Ich weiß nur noch, dass ich bald mit meiner Mutter allein in der Stube war, das Herz voll dumpfen Schreckens und seltsamen Wehs; die Mutter führt mich nach einem Fenster, das nach dem Gemüsegarten zeigt, sie sieht hinaus und stößt leise Klagen aus, während ich, auf der Wandbank kniend, verwirrt und schauernd zu entziffern suche, was die Menschengruppe draußen vorhabe; in der Dunkelheit sehe ich endlich einen weiblichen Körper aufheben, dessen Arme und Haare nur so herunter hangen ...

Wohl gingen den Abend und die folgenden Tage seltsame Reden unter den Erwachsenen, allein wir Kinder durften nichts davon erfahren, hätten wohl auch von alledem nichts verstanden; – das Merkwürdigste für mich war am nächsten Morgen, dass der zweite Knecht, ein schöner, kräftiger Bursche, aus dem Dienst getreten und mit den Fremden fortgezogen war; – erst in späten Jahren, da ich das Wundersame des Tages nicht vergessen konnte und immer wieder fragte, erhielt ich eine Aufklärung, die in wenige Worte zusammengefasst also lautete:

Der zweite Knecht hatte vor Jahr und Tag im Hofe des Grösselwirtes gedient und, so bescheiden er auch auftrat, das Herz der schönen Tochter des Hauses ganz gewonnen. Niemand außer den Liebenden wusste von dem Geheimnis; da warb eines Tages der Sohn eines angesehenen Nachbars um die Hand der Rosi und wurde von dem Mädchen zurückgewiesen. In der Leidenschaft und Bedrängnis gestand die Unglückliche ihre Neigung zu dem jungen Knecht und führte dadurch die erschütterndsten Auftritte herbei. Der Knecht wurde augenblicklich fortgeschickt und die Bewerbung des Nachbarsohnes mit rücksichtsloser Heftigkeit fortgesetzt; das Verstummen des Mädchens, dessen Zerstreutheit und menschenscheues Ablehnen jeden Umgangs wurde als der Anfang von besserer Gesinnung angesehen, bis leider starke Anzeichen von Irrsinn eintraten und zu spät erkennen ließen, was man angerichtet ... Rosi war das einzige Kind ihrer Eltern; eines Tages schien es, als ob die Geisteskrankheit einer auffallenden Besserung weiche; – da verschwand die Unglückliche; man setzte alles in Bewegung, um die Spur zu finden, und fand sie endlich, wie wir gesehen haben ... Der Sturz auf den dichten Rosenstrauch und auf lockeres Erdreich hatte dem schönen Kinde nicht geschadet; es war nach einer kurzen Ohnmacht zu sich gekommen und wurde merkwürdiger Weise in einem viel helleren Geisteszustand in ihr Elternhaus gebracht.
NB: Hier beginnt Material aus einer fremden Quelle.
lemma value_attained:
  assumes "k \<le> N"
  shows "\<exists>\<nu>. lp_feasible z (Mi k) p \<nu> \<and> (\<Sum>m\<in>Mi k. \<nu> m) = inverse (betal k)"
proof (cases k)
  case (Suc j)
  then show ?thesis
    using lp_optimal_basis_value_attained[OF optimal_basis[of k]] assms pruning[of k] finite_Mi
    by simp
qed (use value0_attained in simp)

lemma betal_pos:
  assumes "k \<le> N"
  shows "0 < betal k"
proof (cases k)
  case (Suc j)
  then have "0 < inverse (betal k)"
    using lp_optimal_basis_value_pos[OF optimal_basis[of k] p_nonzero] Suc assms by simp
  then show ?thesis by simp
qed (use betal0_pos in simp)

lemma normalised_dual_pos:
  assumes "1 \<le> k" "k \<le> N" "\<forall>m\<in>Mistar k. \<mu> \<bullet> z m = 1"
  shows "0 < (\<mu> /\<^sub>R infnorm \<mu>) \<bullet> p"
  using lp_optimal_basis_dual_pos[OF optimal_basis[OF assms(1,2)] p_nonzero assms(3)] .

lemma betal_step:
  assumes "k < N"
  shows "betal k \<le> betal (Suc k)"
proof -
  obtain \<nu> where \<nu>: "lp_feasible z (Mi k) p \<nu>" "(\<Sum>m\<in>Mi k. \<nu> m) = inverse (betal k)"
    using value_attained[of k] assms by auto
  have "inverse (betal (Suc k)) \<le> inverse (betal k)"
    using lp_optimal_basis_value_le[OF optimal_basis[of "Suc k"] \<nu>(1)] \<nu>(2) finite_Mi[of k] assms
    by auto
  then show ?thesis
    using betal_pos[of k] betal_pos[of "Suc k"] assms by simp
qed

end

theorem theorem2:
  fixes C1 C2 :: "'a::euclidean_space set"
    and p1 p2 :: 'a
    and rlow \<epsilon> K :: real
    and pperp :: "int \<Rightarrow> 'a"
    and z :: "int \<Rightarrow> 'a"
    and v :: "nat \<Rightarrow> real"
    and lam :: "nat \<Rightarrow> 'a"
    and betau :: "nat \<Rightarrow> ereal"
    and betal :: "nat \<Rightarrow> real"
    and Mo :: "nat \<Rightarrow> nat set"
    and Mi Mistar :: "nat \<Rightarrow> int set"
    and N Kmax :: nat
    and tol :: real
  assumes C1: "proper_convex C1"
    and C2: "C2 \<noteq> {}" "compact C2" "convex C2"
    and p1: "p1 \<in> interior C1"
    and p2: "p2 \<in> C2"
    and p12: "p1 \<noteq> p2"
    and rlow: "rlow = inradius C1 p1 + inradius C2 p2"
    \<comment> \<open>initialization, k = 0 (with p = p2 - p1, l = DIM('a))\<close>
    and init_eps: "\<epsilon> > 0" and init_K: "K > 0"
    and init_perp: "\<forall>m\<in>{- int DIM('a) + 1 .. -1}.
                       norm (pperp m) = 1 \<and> pperp m \<bullet> (p2 - p1) = 0"
    and init_perp_inj: "inj_on pperp {- int DIM('a) + 1 .. -1}"
    and init_perp_indep: "independent (pperp ` {- int DIM('a) + 1 .. -1})"
    and init_z: "\<forall>m\<in>{- int DIM('a) + 1 .. -1}.
                   z m = K *\<^sub>R pperp m + (\<epsilon> / norm (p2 - p1)) *\<^sub>R (p2 - p1)"
    and init_z0: "z 0 = (real DIM('a) * \<epsilon> / norm (p2 - p1)) *\<^sub>R (p2 - p1)
                         - (\<Sum>m\<in>{- int DIM('a) + 1 .. -1}. z m)"
    and init_znorm: "\<forall>m\<in>{- int DIM('a) + 1 .. 0}. norm (z m) \<le> rlow"
    and init_Mo: "Mo 0 = {}"
    and init_bu: "betau 0 = \<infinity>"
    and init_Mi: "Mi 0 = {- int DIM('a) + 1 .. 0}"
    and init_Mistar: "Mistar 0 = Mi 0"
    and init_bl: "betal 0 = \<epsilon> / norm (p2 - p1)"
    and init_lam: "lam 0 = (p2 - p1) /\<^sub>R infnorm (p2 - p1)"
    \<comment> \<open>iterations k = 1, ..., N\<close>
    and it_z: "\<forall>k. 1 \<le> k \<and> k \<le> N \<longrightarrow>
                 (\<exists>a b. a \<in> support_points C1 (lam (k - 1)) \<and>
                        b \<in> support_points C2 (- lam (k - 1)) \<and>
                        z (int k) = a - b + (p2 - p1))"
    and it_v: "\<forall>k. 1 \<le> k \<and> k \<le> N \<longrightarrow>
                 v k = support_value C1 (lam (k - 1)) + support_value C2 (- lam (k - 1))
                       + lam (k - 1) \<bullet> (p2 - p1)"
    and it_Mo: "\<forall>k. 1 \<le> k \<and> k \<le> N \<longrightarrow>
                 (\<exists>mstar. Mo k = {mstar} \<and> mstar \<in> Mo (k - 1) \<union> {k} \<and>
                    (\<forall>m\<in>Mo (k - 1) \<union> {k}.
                       v mstar / (lam (mstar - 1) \<bullet> (p2 - p1))
                         \<le> v m / (lam (m - 1) \<bullet> (p2 - p1))))"
    and it_bu: "\<forall>k. 1 \<le> k \<and> k \<le> N \<longrightarrow>
                 betau k = min (betau (k - 1)) (ereal (v k / (lam (k - 1) \<bullet> (p2 - p1))))"
    and it_basis: "\<forall>k. 1 \<le> k \<and> k \<le> N \<longrightarrow>
                 lp_optimal_basis z (Mi (k - 1) \<union> {int k}) (p2 - p1) (Mistar k)
                   (inverse (betal k))"
    and it_prune: "\<forall>k. 1 \<le> k \<and> k \<le> N \<longrightarrow>
                 Mistar k \<subseteq> Mi k \<and> Mi k \<subseteq> Mi (k - 1) \<union> {int k}"
    and it_lam: "\<forall>k. 1 \<le> k \<and> k \<le> N \<longrightarrow>
                 (\<exists>\<mu>. (\<forall>m\<in>Mistar k. \<mu> \<bullet> z m = 1) \<and> lam k = \<mu> /\<^sub>R infnorm \<mu>)"
    \<comment> \<open>stopping rule: iterations 1..N are exactly those executed\<close>
    and tol: "tol > 0"
    and stop_N: "N \<le> Kmax"
    and stop_not: "\<forall>k. 1 \<le> k \<and> k < N \<longrightarrow>
                 \<not> (betau k / ereal (betal k) - 1 < ereal tol)"
  shows "\<forall>j k. j \<le> k \<and> k \<le> N \<longrightarrow>
           betau k / ereal (betal k) - 1 \<le> betau j / ereal (betal j) - 1"
proof -
  have p_nonzero: "p2 - p1 \<noteq> 0"
    using p12 by simp
  interpret inner_lp_run z "p2 - p1" Mi Mistar betal N
  proof
    show "\<exists>\<nu>. lp_feasible z (Mi 0) (p2 - p1) \<nu> \<and> (\<Sum>m\<in>Mi 0. \<nu> m) = inverse (betal 0)"
      unfolding init_Mi init_bl
      using initial_lp_value_attained[OF init_eps p_nonzero DIM_positive init_z0] .
    show "0 < betal 0" "finite (Mi 0)"
      using init_bl init_eps p_nonzero init_Mi by simp_all
    show "lp_optimal_basis z (Mi (k - 1) \<union> {int k}) (p2 - p1) (Mistar k) (inverse (betal k))"
      and "Mistar k \<subseteq> Mi k \<and> Mi k \<subseteq> Mi (k - 1) \<union> {int k}" if "1 \<le> k" "k \<le> N" for k
      using that it_basis it_prune by simp_all
  qed (rule p_nonzero)
  have lam_pos: "0 < lam k \<bullet> (p2 - p1)" if k: "k < N" for k
  proof (cases k)
    case 0
    then show ?thesis using init_lam p_nonzero by (simp add: infnorm_pos_lt inner_commute)
  next
    case (Suc j)
    then obtain \<mu> where "\<forall>m\<in>Mistar k. \<mu> \<bullet> z m = 1" "lam k = \<mu> /\<^sub>R infnorm \<mu>"
      using it_lam[rule_format, of k] k by auto
    then show ?thesis
      using normalised_dual_pos[of k \<mu>] k Suc by simp
  qed
  have "bounded C1" "bounded C2" "p1 \<in> C1"
    using C1 C2 p1 interior_subset by (auto simp: proper_convex_def compact_imp_bounded)
  then have betau_nonneg: "0 \<le> betau k" if "k \<le> N" for k
    using upper_bound_nonneg[OF _ _ _ p2 _ lam_pos it_v it_bu that] init_bu by simp
  have betau_step: "betau (Suc k) \<le> betau k" if "k < N" for k
    using that it_bu by simp
  show ?thesis
    using relative_gap_antimono[of N betau betal, OF betau_nonneg betal_pos betau_step betal_step]
    by blast
qed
Der Vater Rosis hatte unsern zweiten Knecht gleich mit sich genommen und mehr als alle anderen Bemühungen dienten dessen Nähe und Ansprache dazu, den Irr- und Trübsinn des Mädchens zu verscheuchen. Nach Jahr und Tag war die Vernunft wieder ganz zurückgekehrt – und als wir eines Mittags (es war an einem Sonntag im September) wieder um den Ecktisch saßen, ging die Türe auf, und ein schönes kräftiges Bauern-Ehepaar trat herein: Unser früherer Knecht und die schöne (vollständig geheilte) Närrin ... Sie war heiter und gesprächig, teilte Geschenke unter uns Kinder aus und setzte dann ihren Weg nach einem Wallfahrtsorte fort. Von dem traurigen Erlebnisse früherer Tage redete niemand und in der schönen Bäuerin schien auch keine Spur einer Erinnerung zurückgeblieben zu sein.